## WHAT TO WORK ON
Note how many lines in the material have "this", and give only that figure.

* * * * * * * * *

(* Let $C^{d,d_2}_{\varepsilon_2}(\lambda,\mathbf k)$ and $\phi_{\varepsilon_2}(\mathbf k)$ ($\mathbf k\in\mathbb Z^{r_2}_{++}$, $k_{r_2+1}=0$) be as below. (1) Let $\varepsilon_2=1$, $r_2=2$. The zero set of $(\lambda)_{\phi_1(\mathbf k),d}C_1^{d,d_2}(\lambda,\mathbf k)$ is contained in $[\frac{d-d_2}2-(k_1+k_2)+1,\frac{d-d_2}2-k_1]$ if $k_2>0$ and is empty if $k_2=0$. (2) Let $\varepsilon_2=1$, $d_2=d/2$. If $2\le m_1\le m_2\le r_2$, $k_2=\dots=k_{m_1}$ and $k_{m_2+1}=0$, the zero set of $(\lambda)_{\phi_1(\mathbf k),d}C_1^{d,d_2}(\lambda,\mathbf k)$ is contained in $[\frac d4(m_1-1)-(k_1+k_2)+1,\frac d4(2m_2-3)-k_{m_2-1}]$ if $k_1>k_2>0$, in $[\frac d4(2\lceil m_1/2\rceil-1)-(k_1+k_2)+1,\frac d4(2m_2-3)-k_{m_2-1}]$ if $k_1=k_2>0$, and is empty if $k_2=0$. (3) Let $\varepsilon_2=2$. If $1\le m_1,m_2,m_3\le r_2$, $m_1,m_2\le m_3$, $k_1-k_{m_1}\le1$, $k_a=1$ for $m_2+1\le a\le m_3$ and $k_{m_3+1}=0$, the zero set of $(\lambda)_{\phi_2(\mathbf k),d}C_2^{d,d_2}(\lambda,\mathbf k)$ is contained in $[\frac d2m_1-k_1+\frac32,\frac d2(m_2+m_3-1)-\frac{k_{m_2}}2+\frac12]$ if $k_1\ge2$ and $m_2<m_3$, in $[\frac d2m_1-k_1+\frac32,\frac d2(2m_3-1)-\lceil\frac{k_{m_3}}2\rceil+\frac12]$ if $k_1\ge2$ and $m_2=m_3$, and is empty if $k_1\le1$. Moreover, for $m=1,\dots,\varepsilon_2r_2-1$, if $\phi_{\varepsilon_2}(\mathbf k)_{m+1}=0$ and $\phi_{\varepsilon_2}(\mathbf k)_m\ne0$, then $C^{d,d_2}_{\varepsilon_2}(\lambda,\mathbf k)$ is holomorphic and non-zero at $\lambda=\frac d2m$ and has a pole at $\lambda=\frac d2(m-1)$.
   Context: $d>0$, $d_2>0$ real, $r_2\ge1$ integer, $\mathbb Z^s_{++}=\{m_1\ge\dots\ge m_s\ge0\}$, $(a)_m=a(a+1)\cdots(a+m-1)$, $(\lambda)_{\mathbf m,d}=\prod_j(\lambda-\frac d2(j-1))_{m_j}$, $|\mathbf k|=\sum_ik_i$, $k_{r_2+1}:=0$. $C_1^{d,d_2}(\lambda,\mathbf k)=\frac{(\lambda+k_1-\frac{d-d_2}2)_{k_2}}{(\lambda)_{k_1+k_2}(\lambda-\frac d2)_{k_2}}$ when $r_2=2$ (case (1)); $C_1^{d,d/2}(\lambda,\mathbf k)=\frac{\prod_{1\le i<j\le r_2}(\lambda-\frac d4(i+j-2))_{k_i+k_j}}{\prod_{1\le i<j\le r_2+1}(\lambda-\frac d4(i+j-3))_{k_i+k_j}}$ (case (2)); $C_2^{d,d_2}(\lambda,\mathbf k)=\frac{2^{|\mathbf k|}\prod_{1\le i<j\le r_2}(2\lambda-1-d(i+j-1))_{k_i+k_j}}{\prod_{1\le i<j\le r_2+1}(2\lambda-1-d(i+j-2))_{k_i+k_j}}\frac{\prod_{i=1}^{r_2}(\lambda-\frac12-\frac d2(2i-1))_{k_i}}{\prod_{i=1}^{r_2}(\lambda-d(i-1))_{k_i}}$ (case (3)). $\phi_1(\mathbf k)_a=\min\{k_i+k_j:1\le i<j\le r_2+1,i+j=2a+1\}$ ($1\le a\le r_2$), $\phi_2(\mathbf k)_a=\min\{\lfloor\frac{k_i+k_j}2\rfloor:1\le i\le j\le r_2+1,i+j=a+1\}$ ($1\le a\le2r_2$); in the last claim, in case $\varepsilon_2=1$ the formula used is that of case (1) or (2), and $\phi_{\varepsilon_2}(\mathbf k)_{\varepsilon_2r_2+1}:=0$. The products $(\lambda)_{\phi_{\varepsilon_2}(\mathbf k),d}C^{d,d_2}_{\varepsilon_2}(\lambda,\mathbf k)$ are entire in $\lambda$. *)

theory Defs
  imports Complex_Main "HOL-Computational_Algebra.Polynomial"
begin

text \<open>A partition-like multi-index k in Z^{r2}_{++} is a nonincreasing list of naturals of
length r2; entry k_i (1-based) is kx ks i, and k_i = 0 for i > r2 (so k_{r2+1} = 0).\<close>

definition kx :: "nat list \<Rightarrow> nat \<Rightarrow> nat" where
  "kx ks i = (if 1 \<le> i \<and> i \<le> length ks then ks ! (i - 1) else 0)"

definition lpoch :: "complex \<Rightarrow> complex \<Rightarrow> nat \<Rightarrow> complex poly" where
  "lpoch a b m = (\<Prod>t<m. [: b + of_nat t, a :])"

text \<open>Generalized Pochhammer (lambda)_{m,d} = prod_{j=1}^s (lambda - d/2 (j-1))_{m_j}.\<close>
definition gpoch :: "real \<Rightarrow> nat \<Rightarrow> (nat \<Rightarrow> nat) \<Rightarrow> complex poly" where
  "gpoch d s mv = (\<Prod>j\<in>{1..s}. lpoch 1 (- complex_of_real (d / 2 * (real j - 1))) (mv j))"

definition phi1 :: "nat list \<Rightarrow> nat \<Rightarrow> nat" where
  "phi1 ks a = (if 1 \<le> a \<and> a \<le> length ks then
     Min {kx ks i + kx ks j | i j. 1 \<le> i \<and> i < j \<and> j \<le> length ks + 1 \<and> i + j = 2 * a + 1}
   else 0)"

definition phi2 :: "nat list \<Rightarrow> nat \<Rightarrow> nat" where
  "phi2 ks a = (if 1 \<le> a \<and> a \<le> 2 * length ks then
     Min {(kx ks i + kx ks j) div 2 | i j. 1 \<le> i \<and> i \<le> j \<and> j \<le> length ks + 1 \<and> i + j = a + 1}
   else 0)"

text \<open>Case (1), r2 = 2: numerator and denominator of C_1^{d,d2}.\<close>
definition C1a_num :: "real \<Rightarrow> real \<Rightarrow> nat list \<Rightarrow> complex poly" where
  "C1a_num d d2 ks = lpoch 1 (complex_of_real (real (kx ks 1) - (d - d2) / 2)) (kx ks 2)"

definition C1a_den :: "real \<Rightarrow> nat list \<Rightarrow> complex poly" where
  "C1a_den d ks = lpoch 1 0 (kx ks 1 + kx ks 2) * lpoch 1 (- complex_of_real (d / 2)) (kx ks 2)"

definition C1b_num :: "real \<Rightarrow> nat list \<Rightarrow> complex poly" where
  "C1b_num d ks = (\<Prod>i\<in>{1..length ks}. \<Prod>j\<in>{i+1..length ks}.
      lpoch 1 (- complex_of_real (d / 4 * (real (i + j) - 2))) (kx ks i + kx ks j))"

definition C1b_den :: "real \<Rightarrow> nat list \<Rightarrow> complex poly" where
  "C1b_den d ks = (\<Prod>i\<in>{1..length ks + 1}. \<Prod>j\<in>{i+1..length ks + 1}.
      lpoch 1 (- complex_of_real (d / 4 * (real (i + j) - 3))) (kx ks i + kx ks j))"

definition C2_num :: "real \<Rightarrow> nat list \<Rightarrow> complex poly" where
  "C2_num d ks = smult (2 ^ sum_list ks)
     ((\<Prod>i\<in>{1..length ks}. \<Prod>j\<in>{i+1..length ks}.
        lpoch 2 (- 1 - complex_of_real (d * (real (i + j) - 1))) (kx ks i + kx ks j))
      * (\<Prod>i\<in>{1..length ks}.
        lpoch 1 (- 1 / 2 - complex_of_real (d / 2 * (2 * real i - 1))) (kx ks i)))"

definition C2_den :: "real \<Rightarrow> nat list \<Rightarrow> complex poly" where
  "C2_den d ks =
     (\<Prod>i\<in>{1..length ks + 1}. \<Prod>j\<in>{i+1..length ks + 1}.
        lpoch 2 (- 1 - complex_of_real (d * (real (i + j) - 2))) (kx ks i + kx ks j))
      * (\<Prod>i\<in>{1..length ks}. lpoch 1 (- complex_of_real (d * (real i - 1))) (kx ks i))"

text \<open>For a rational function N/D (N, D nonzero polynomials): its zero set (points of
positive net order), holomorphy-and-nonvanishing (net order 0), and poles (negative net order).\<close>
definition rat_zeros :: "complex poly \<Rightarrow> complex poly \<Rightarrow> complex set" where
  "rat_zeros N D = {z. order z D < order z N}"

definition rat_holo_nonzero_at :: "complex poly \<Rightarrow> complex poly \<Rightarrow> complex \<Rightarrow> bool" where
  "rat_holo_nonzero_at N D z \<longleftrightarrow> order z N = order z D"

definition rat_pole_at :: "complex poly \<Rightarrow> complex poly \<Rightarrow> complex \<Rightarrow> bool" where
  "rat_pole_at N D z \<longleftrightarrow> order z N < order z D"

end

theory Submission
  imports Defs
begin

* * * * * * * * *

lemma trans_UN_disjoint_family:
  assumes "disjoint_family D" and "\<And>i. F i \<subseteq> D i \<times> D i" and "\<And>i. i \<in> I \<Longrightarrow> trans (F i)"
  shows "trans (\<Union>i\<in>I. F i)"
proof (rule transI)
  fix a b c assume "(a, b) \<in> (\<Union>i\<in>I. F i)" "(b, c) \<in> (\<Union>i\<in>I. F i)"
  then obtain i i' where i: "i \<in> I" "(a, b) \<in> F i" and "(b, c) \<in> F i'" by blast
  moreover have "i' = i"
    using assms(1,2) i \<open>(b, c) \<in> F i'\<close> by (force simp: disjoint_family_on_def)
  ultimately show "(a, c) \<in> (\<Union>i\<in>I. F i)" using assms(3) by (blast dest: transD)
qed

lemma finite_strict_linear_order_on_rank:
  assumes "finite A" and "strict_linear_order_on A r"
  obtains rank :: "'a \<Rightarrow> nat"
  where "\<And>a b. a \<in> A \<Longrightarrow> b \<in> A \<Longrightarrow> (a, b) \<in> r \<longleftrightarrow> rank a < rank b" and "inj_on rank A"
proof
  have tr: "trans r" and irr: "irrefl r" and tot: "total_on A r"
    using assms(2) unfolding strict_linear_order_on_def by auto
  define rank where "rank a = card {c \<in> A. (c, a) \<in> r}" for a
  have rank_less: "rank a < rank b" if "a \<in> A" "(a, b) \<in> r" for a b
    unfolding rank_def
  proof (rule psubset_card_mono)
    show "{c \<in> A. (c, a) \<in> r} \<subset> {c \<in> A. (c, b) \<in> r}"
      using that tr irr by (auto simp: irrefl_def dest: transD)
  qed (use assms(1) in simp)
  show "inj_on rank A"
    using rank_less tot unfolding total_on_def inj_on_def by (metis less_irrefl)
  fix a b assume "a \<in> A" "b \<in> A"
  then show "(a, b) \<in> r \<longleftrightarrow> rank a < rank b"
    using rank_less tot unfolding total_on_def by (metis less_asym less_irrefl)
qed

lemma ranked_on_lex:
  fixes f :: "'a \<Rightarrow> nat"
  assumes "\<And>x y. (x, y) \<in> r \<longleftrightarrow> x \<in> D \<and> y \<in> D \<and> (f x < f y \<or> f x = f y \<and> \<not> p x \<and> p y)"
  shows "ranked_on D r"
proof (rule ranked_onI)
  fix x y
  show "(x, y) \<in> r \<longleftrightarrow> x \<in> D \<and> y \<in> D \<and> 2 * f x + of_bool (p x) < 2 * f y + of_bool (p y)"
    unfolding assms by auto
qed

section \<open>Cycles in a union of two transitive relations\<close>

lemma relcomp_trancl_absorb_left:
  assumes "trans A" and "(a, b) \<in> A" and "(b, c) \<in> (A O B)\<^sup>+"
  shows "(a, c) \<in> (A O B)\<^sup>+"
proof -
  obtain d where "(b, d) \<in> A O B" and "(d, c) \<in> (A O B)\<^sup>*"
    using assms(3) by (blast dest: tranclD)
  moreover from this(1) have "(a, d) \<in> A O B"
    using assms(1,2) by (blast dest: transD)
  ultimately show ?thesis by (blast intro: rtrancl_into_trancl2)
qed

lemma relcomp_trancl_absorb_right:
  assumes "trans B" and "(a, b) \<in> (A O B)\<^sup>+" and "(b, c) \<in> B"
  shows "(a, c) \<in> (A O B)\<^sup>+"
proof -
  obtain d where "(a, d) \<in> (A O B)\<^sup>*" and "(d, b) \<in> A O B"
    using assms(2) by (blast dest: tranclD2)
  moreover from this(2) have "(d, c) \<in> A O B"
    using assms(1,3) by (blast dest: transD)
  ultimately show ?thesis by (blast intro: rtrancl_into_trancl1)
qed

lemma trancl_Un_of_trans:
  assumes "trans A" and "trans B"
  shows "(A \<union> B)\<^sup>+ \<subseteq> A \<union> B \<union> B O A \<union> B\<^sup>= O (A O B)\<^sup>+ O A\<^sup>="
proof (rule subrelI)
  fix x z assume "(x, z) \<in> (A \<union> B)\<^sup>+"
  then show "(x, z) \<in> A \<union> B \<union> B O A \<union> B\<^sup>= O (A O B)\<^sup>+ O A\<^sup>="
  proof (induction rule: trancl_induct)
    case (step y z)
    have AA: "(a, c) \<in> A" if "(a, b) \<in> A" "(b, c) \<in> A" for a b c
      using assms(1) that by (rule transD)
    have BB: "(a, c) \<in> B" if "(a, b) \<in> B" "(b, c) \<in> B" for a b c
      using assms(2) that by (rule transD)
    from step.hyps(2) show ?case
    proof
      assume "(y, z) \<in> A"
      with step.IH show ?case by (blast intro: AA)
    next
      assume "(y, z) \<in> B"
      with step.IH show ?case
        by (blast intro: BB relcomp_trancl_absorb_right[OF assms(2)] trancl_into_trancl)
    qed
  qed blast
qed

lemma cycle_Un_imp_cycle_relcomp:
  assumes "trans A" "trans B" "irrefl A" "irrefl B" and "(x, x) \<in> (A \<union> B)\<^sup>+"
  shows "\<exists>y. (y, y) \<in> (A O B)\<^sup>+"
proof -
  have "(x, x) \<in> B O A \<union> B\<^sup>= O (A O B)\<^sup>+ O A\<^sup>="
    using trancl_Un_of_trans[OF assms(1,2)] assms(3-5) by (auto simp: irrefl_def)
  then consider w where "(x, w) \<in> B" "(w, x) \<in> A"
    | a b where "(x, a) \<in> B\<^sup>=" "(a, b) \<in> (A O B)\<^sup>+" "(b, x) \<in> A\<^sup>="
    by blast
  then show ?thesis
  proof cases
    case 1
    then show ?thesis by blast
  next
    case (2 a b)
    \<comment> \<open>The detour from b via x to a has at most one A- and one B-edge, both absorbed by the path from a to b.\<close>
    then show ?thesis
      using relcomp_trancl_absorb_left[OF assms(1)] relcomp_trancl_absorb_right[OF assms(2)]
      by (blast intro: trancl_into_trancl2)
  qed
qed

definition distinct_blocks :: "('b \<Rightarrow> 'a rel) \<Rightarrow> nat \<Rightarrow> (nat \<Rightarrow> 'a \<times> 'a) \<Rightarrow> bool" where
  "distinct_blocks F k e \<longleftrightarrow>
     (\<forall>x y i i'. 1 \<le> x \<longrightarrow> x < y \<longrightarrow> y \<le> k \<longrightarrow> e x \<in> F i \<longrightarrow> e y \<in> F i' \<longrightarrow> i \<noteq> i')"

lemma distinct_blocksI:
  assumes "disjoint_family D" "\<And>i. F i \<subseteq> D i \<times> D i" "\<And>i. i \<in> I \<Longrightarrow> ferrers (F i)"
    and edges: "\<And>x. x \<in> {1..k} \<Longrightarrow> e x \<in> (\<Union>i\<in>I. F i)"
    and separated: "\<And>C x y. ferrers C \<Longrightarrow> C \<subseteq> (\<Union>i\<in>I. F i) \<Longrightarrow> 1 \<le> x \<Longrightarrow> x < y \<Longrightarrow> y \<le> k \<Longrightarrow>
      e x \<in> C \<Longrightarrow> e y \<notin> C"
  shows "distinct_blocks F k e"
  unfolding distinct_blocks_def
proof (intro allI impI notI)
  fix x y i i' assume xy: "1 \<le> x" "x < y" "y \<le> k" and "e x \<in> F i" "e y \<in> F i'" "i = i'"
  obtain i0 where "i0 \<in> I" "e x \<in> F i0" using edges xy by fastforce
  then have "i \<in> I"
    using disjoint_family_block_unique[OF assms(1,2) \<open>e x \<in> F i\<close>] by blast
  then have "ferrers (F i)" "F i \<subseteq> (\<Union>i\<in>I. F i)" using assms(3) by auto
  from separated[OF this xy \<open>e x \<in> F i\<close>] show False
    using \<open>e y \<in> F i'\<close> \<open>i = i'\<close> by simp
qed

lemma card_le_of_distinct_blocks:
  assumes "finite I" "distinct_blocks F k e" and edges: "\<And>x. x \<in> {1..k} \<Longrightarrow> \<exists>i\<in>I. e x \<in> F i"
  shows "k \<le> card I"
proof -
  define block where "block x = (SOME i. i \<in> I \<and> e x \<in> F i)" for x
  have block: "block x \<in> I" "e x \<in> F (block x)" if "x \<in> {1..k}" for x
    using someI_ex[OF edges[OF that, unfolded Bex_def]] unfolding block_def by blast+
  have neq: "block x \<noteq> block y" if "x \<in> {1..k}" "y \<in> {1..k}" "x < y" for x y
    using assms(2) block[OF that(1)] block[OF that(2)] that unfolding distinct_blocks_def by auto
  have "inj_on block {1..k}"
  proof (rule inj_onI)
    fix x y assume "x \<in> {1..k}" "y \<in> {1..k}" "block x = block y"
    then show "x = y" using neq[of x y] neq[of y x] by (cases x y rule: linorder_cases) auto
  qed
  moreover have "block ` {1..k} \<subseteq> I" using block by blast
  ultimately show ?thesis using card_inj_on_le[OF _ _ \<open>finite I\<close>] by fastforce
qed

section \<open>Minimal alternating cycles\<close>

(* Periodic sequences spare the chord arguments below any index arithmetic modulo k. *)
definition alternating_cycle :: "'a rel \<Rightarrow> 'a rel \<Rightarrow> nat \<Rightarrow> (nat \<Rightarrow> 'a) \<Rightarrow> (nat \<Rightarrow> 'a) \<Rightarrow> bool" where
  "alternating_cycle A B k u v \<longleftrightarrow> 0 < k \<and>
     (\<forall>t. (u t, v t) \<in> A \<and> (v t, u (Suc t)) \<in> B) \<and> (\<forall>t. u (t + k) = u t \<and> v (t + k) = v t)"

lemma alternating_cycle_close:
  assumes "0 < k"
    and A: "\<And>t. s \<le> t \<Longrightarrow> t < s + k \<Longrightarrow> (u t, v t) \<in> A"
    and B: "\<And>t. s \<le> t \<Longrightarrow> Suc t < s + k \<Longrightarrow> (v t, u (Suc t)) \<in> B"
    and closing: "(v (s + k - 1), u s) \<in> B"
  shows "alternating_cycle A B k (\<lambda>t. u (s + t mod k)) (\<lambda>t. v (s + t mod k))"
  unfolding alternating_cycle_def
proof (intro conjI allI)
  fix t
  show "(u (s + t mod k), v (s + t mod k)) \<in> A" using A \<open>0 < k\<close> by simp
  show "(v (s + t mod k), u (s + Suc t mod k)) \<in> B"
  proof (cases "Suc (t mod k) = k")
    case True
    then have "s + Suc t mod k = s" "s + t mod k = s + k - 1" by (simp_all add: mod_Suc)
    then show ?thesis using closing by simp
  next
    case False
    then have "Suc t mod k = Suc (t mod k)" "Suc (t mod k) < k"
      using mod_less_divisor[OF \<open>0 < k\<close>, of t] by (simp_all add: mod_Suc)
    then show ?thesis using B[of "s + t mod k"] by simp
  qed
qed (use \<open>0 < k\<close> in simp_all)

* * * * * * * * *

## ANSWER TO THE EXERCISE
3